YOUR INSTRUCTIONS:
Would you please return the lines of the entries below starting at the line that has "u k) = (\<lambda>k." and ending at the line that has "using f(4) gV fg u v by simp", both included, exactly as they are?

--- TASK INPUTS ---

text \<open>Column \<open>i\<close> of \<open>M\<close> holds the coordinates of the image of \<open>X\<^sub>i\<close>.\<close>
lemma lie_iso8_by_matrix:
  fixes M :: "nat \<Rightarrow> nat \<Rightarrow> 'a::field"
  assumes tri: "\<And>k i. k < i \<Longrightarrow> M k i = 0" and diag: "\<And>i. i < 8 \<Longrightarrow> M i i \<noteq> 0"
    and vanish: "\<And>p q k. 8 \<le> k \<Longrightarrow> c' p q k = 0"
    and brackets: "\<forall>i<8. \<forall>j<8. \<forall>k<8.
      (\<Sum>m<8. M k m * c i j m) = (\<Sum>p<8. \<Sum>q<8. M p i * M q j * c' p q k)"
  shows "lie_iso8 c c'"
  unfolding lie_iso8_def
proof (intro exI conjI ballI allI)
  show "bij_betw (mat_apply M) V8 V8"
    by (rule bij_betw_mat_apply_lower_triangular[where M = M, OF tri diag])
next
  fix x y :: "nat \<Rightarrow> 'a"
  show "mat_apply M (\<lambda>k. x k + y k) = (\<lambda>k. mat_apply M x k + mat_apply M y k)"
    by (auto simp: mat_apply_def algebra_simps sum.distrib)
next
  fix x :: "nat \<Rightarrow> 'a" and s
  show "mat_apply M (\<lambda>k. s * x k) = (\<lambda>k. s * mat_apply M x k)"
    by (auto simp: mat_apply_def algebra_simps sum_distrib_left)
next
  fix x y :: "nat \<Rightarrow> 'a"
  show "mat_apply M (lbr c x y) = lbr c' (mat_apply M x) (mat_apply M y)"
  proof
    fix k
    show "mat_apply M (lbr c x y) k = lbr c' (mat_apply M x) (mat_apply M y) k"
    proof (cases "k < 8")
      case True
      then show ?thesis
        using brackets by (simp add: mat_apply_lbr lbr_mat_apply)
    next
      case False
      then show ?thesis by (simp add: mat_apply_def lbr_def vanish)
    qed
  qed
qed

lemma lie_iso8_by_diagonal:
  fixes d :: "nat \<Rightarrow> 'a::field"
  assumes nonzero: "\<And>i. i < 8 \<Longrightarrow> d i \<noteq> 0"
    and vanish: "\<And>p q k. 8 \<le> k \<Longrightarrow> c' p q k = 0"
    and brackets: "\<forall>i<8. \<forall>j<8. \<forall>k<8. d k * c i j k = d i * d j * c' i j k"
  shows "lie_iso8 c c'"
proof (rule lie_iso8_by_matrix[where M = "\<lambda>k i. if k = i then d i else 0"])
  show "\<forall>i<8. \<forall>j<8. \<forall>k<8. (\<Sum>m<8. (if k = m then d m else 0) * c i j m)
    = (\<Sum>p<8. \<Sum>q<8. (if p = i then d i else 0) * (if q = j then d j else 0) * c' p q k)"
  proof -
    have "(if P then a else 0) * b = (if P then a * b else 0)"
      and "a * (if P then b else 0) = (if P then a * b else 0)" for P and a b :: 'a
      by simp_all
    then show ?thesis
      using brackets by (simp add: sum.delta sum.delta')
  qed
qed (use nonzero vanish in auto)

lemma lie_iso8_trans:
  assumes "lie_iso8 c1 c2" and "lie_iso8 c2 c3"
  shows "lie_iso8 c1 c3"
proof -
  obtain f where f: "bij_betw f V8 V8"
      "\<forall>x\<in>V8. \<forall>y\<in>V8. f (\<lambda>k. x k + y k) = (\<lambda>k. f x k + f y k)"
      "\<forall>x\<in>V8. \<forall>s. f (\<lambda>k. s * x k) = (\<lambda>k. s * f x k)"
      "\<forall>x\<in>V8. \<forall>y\<in>V8. f (lbr c1 x y) = lbr c2 (f x) (f y)"
    using assms(1) unfolding lie_iso8_def by blast
  obtain g where g: "bij_betw g V8 V8"
      "\<forall>x\<in>V8. \<forall>y\<in>V8. g (\<lambda>k. x k + y k) = (\<lambda>k. g x k + g y k)"
      "\<forall>x\<in>V8. \<forall>s. g (\<lambda>k. s * x k) = (\<lambda>k. s * g x k)"
      "\<forall>x\<in>V8. \<forall>y\<in>V8. g (lbr c2 x y) = lbr c3 (g x) (g y)"
    using assms(2) unfolding lie_iso8_def by blast
  have "f x \<in> V8" if "x \<in> V8" for x
    using f(1) that by (rule bij_betw_apply)
  then show ?thesis
    unfolding lie_iso8_def using f g bij_betw_trans[OF f(1) g(1)]
    by (intro exI[of _ "g \<circ> f"]) simp
qed

lemmas [trans] = lie_iso8_trans

lemma lie_iso8_sym:
  fixes c c' :: "nat \<Rightarrow> nat \<Rightarrow> nat \<Rightarrow> 'a::field"
  assumes "lie_iso8 c c'" and vanish: "\<And>p q k. 8 \<le> k \<Longrightarrow> c p q k = 0"
  shows "lie_iso8 c' c"
proof -
  obtain f where f: "bij_betw f V8 V8"
      "\<forall>x\<in>V8. \<forall>y\<in>V8. f (\<lambda>k. x k + y k) = (\<lambda>k. f x k + f y k)"
      "\<forall>x\<in>V8. \<forall>s. f (\<lambda>k. s * x k) = (\<lambda>k. s * f x k)"
      "\<forall>x\<in>V8. \<forall>y\<in>V8. f (lbr c x y) = lbr c' (f x) (f y)"
    using assms(1) unfolding lie_iso8_def by blast
  define g where "g = inv_into V8 f"
  have g: "bij_betw g V8 V8"
    unfolding g_def by (rule bij_betw_inv_into[OF f(1)])
  have gV: "g u \<in> V8" if "u \<in> V8" for u
    using g that by (rule bij_betw_apply)
  have fg: "f (g u) = u" if "u \<in> V8" for u
    unfolding g_def using f(1) that by (simp add: bij_betw_inv_into_right)
  have gf: "g (f x) = x" if "x \<in> V8" for x
    unfolding g_def using f(1) that by (simp add: bij_betw_inv_into_left)
  show ?thesis
    unfolding lie_iso8_def
  proof (intro exI[of _ g] conjI ballI allI g)
    fix u v :: "nat \<Rightarrow> 'a" assume u: "u \<in> V8" and v: "v \<in> V8"
    have "g (\<lambda>k. u k + v k) = g (f (\<lambda>k. g u k + g v k))"
      using f(2) gV fg u v by simp
    also have "\<dots> = (\<lambda>k. g u k + g v k)"
      using gf V8_add gV u v by blast
    finally show "g (\<lambda>k. u k + v k) = (\<lambda>k. g u k + g v k)" .
  next
    fix u :: "nat \<Rightarrow> 'a" and s assume u: "u \<in> V8"
    have "g (\<lambda>k. s * u k) = g (f (\<lambda>k. s * g u k))"
      using f(3) gV fg u by simp
    also have "\<dots> = (\<lambda>k. s * g u k)"
      using gf V8_scale gV u by blast
    finally show "g (\<lambda>k. s * u k) = (\<lambda>k. s * g u k)" .
  next
    fix u v :: "nat \<Rightarrow> 'a" assume u: "u \<in> V8" and v: "v \<in> V8"
    have "g (lbr c' u v) = g (f (lbr c (g u) (g v)))"
      using f(4) gV fg u v by simp
    also have "\<dots> = lbr c (g u) (g v)"
      using gf lbr_in_V8[where c = c, OF vanish] by blast
    finally show "g (lbr c' u v) = lbr c (g u) (g v)" .
  qed
qed

lemma L8_vanish: "8 \<le> k \<Longrightarrow> L8 a2 a4 a5 a6 a7 a8 p q k = 0"
  by (simp add: L8_def F8_def F8_up_def basis_vec_def Let_def)

lemma L8_iso_sym:
  "lie_iso8 (L8 b2 b4 b5 b6 b7 b8) (L8 a2 a4 a5 a6 a7 a8)
    \<Longrightarrow> lie_iso8 (L8 a2 a4 a5 a6 a7 a8) (L8 b2 b4 b5 b6 b7 b8)"
  by (rule lie_iso8_sym) (simp_all add: L8_vanish)

lemma L8_brackets:
  fixes a2 a4 a5 a6 a7 a8 :: "'a::field"
  shows
    "L8 a2 a4 a5 a6 a7 a8 0 1 = basis_vec 2"
    "L8 a2 a4 a5 a6 a7 a8 0 2 = basis_vec 3"
    "L8 a2 a4 a5 a6 a7 a8 0 3 = basis_vec 4"
    "L8 a2 a4 a5 a6 a7 a8 0 4 = basis_vec 5"
    "L8 a2 a4 a5 a6 a7 a8 0 5 = basis_vec 6"
    "L8 a2 a4 a5 a6 a7 a8 0 6 = basis_vec 7"
    "L8 a2 a4 a5 a6 a7 a8 0 0 = (\<lambda>_. 0)" "L8 a2 a4 a5 a6 a7 a8 0 7 = (\<lambda>_. 0)"
    "L8 a2 a4 a5 a6 a7 a8 1 0 = (\<lambda>k. - basis_vec 2 k)"
    "L8 a2 a4 a5 a6 a7 a8 1 2 = (\<lambda>k. (a2 + 2 * a4) * basis_vec 4 k + (a5 + a6) * basis_vec 5 k + a7 * basis_vec 6 k + a8 * basis_vec 7 k)"
    "L8 a2 a4 a5 a6 a7 a8 1 3 = (\<lambda>k. (a2 + 2 * a4) * basis_vec 5 k + (a5 + a6) * basis_vec 6 k + a7 * basis_vec 7 k)"
    "L8 a2 a4 a5 a6 a7 a8 1 4 = (\<lambda>k. (a2 + a4) * basis_vec 6 k + a5 * basis_vec 7 k)"
    "L8 a2 a4 a5 a6 a7 a8 1 5 = (\<lambda>k. a2 * basis_vec 7 k)"
    "L8 a2 a4 a5 a6 a7 a8 1 1 = (\<lambda>_. 0)" "L8 a2 a4 a5 a6 a7 a8 1 6 = (\<lambda>_. 0)"
    "L8 a2 a4 a5 a6 a7 a8 1 7 = (\<lambda>_. 0)"
    "L8 a2 a4 a5 a6 a7 a8 2 0 = (\<lambda>k. - basis_vec 3 k)"
    "L8 a2 a4 a5 a6 a7 a8 2 1 = (\<lambda>k. - ((a2 + 2 * a4) * basis_vec 4 k + (a5 + a6) * basis_vec 5 k + a7 * basis_vec 6 k + a8 * basis_vec 7 k))"
    "L8 a2 a4 a5 a6 a7 a8 2 3 = (\<lambda>k. a4 * basis_vec 6 k + a6 * basis_vec 7 k)"
    "L8 a2 a4 a5 a6 a7 a8 2 4 = (\<lambda>k. a4 * basis_vec 7 k)"
    "L8 a2 a4 a5 a6 a7 a8 2 2 = (\<lambda>_. 0)" "L8 a2 a4 a5 a6 a7 a8 2 5 = (\<lambda>_. 0)"
    "L8 a2 a4 a5 a6 a7 a8 2 6 = (\<lambda>_. 0)" "L8 a2 a4 a5 a6 a7 a8 2 7 = (\<lambda>_. 0)"
    "L8 a2 a4 a5 a6 a7 a8 3 0 = (\<lambda>k. - basis_vec 4 k)"
    "L8 a2 a4 a5 a6 a7 a8 3 1 = (\<lambda>k. - ((a2 + 2 * a4) * basis_vec 5 k + (a5 + a6) * basis_vec 6 k + a7 * basis_vec 7 k))"
    "L8 a2 a4 a5 a6 a7 a8 3 2 = (\<lambda>k. - (a4 * basis_vec 6 k + a6 * basis_vec 7 k))"
    "L8 a2 a4 a5 a6 a7 a8 3 3 = (\<lambda>_. 0)" "L8 a2 a4 a5 a6 a7 a8 3 4 = (\<lambda>_. 0)"
    "L8 a2 a4 a5 a6 a7 a8 3 5 = (\<lambda>_. 0)" "L8 a2 a4 a5 a6 a7 a8 3 6 = (\<lambda>_. 0)"
    "L8 a2 a4 a5 a6 a7 a8 3 7 = (\<lambda>_. 0)"
    "L8 a2 a4 a5 a6 a7 a8 4 0 = (\<lambda>k. - basis_vec 5 k)"
    "L8 a2 a4 a5 a6 a7 a8 4 1 = (\<lambda>k. - ((a2 + a4) * basis_vec 6 k + a5 * basis_vec 7 k))"
    "L8 a2 a4 a5 a6 a7 a8 4 2 = (\<lambda>k. - (a4 * basis_vec 7 k))"
    "L8 a2 a4 a5 a6 a7 a8 4 3 = (\<lambda>_. 0)" "L8 a2 a4 a5 a6 a7 a8 4 4 = (\<lambda>_. 0)"
    "L8 a2 a4 a5 a6 a7 a8 4 5 = (\<lambda>_. 0)" "L8 a2 a4 a5 a6 a7 a8 4 6 = (\<lambda>_. 0)"
    "L8 a2 a4 a5 a6 a7 a8 4 7 = (\<lambda>_. 0)"
    "L8 a2 a4 a5 a6 a7 a8 5 0 = (\<lambda>k. - basis_vec 6 k)"
    "L8 a2 a4 a5 a6 a7 a8 5 1 = (\<lambda>k. - (a2 * basis_vec 7 k))"
    "L8 a2 a4 a5 a6 a7 a8 5 2 = (\<lambda>_. 0)" "L8 a2 a4 a5 a6 a7 a8 5 3 = (\<lambda>_. 0)"
    "L8 a2 a4 a5 a6 a7 a8 5 4 = (\<lambda>_. 0)" "L8 a2 a4 a5 a6 a7 a8 5 5 = (\<lambda>_. 0)"
    "L8 a2 a4 a5 a6 a7 a8 5 6 = (\<lambda>_. 0)" "L8 a2 a4 a5 a6 a7 a8 5 7 = (\<lambda>_. 0)"
    "L8 a2 a4 a5 a6 a7 a8 6 0 = (\<lambda>k. - basis_vec 7 k)"
    "L8 a2 a4 a5 a6 a7 a8 6 1 = (\<lambda>_. 0)" "L8 a2 a4 a5 a6 a7 a8 6 2 = (\<lambda>_. 0)"
    "L8 a2 a4 a5 a6 a7 a8 6 3 = (\<lambda>_. 0)" "L8 a2 a4 a5 a6 a7 a8 6 4 = (\<lambda>_. 0)"
    "L8 a2 a4 a5 a6 a7 a8 6 5 = (\<lambda>_. 0)" "L8 a2 a4 a5 a6 a7 a8 6 6 = (\<lambda>_. 0)"
    "L8 a2 a4 a5 a6 a7 a8 6 7 = (\<lambda>_. 0)"
    "L8 a2 a4 a5 a6 a7 a8 7 0 = (\<lambda>_. 0)" "L8 a2 a4 a5 a6 a7 a8 7 1 = (\<lambda>_. 0)"
    "L8 a2 a4 a5 a6 a7 a8 7 2 = (\<lambda>_. 0)" "L8 a2 a4 a5 a6 a7 a8 7 3 = (\<lambda>_. 0)"
    "L8 a2 a4 a5 a6 a7 a8 7 4 = (\<lambda>_. 0)" "L8 a2 a4 a5 a6 a7 a8 7 5 = (\<lambda>_. 0)"
    "L8 a2 a4 a5 a6 a7 a8 7 6 = (\<lambda>_. 0)" "L8 a2 a4 a5 a6 a7 a8 7 7 = (\<lambda>_. 0)"
  by (simp_all add: L8_def F8_def F8_up_def basis_vec_def Let_def fun_eq_iff)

---

TASK RESULT:
    finally show "g (\<lambda>k. s * u k) = (\<lambda>k. s * g u k)" .
  next
    fix u v :: "nat \<Rightarrow> 'a" assume u: "u \<in> V8" and v: "v \<in> V8"
    have "g (lbr c' u v) = g (f (lbr c (g u) (g v)))"
      using f(4) gV fg u v by simp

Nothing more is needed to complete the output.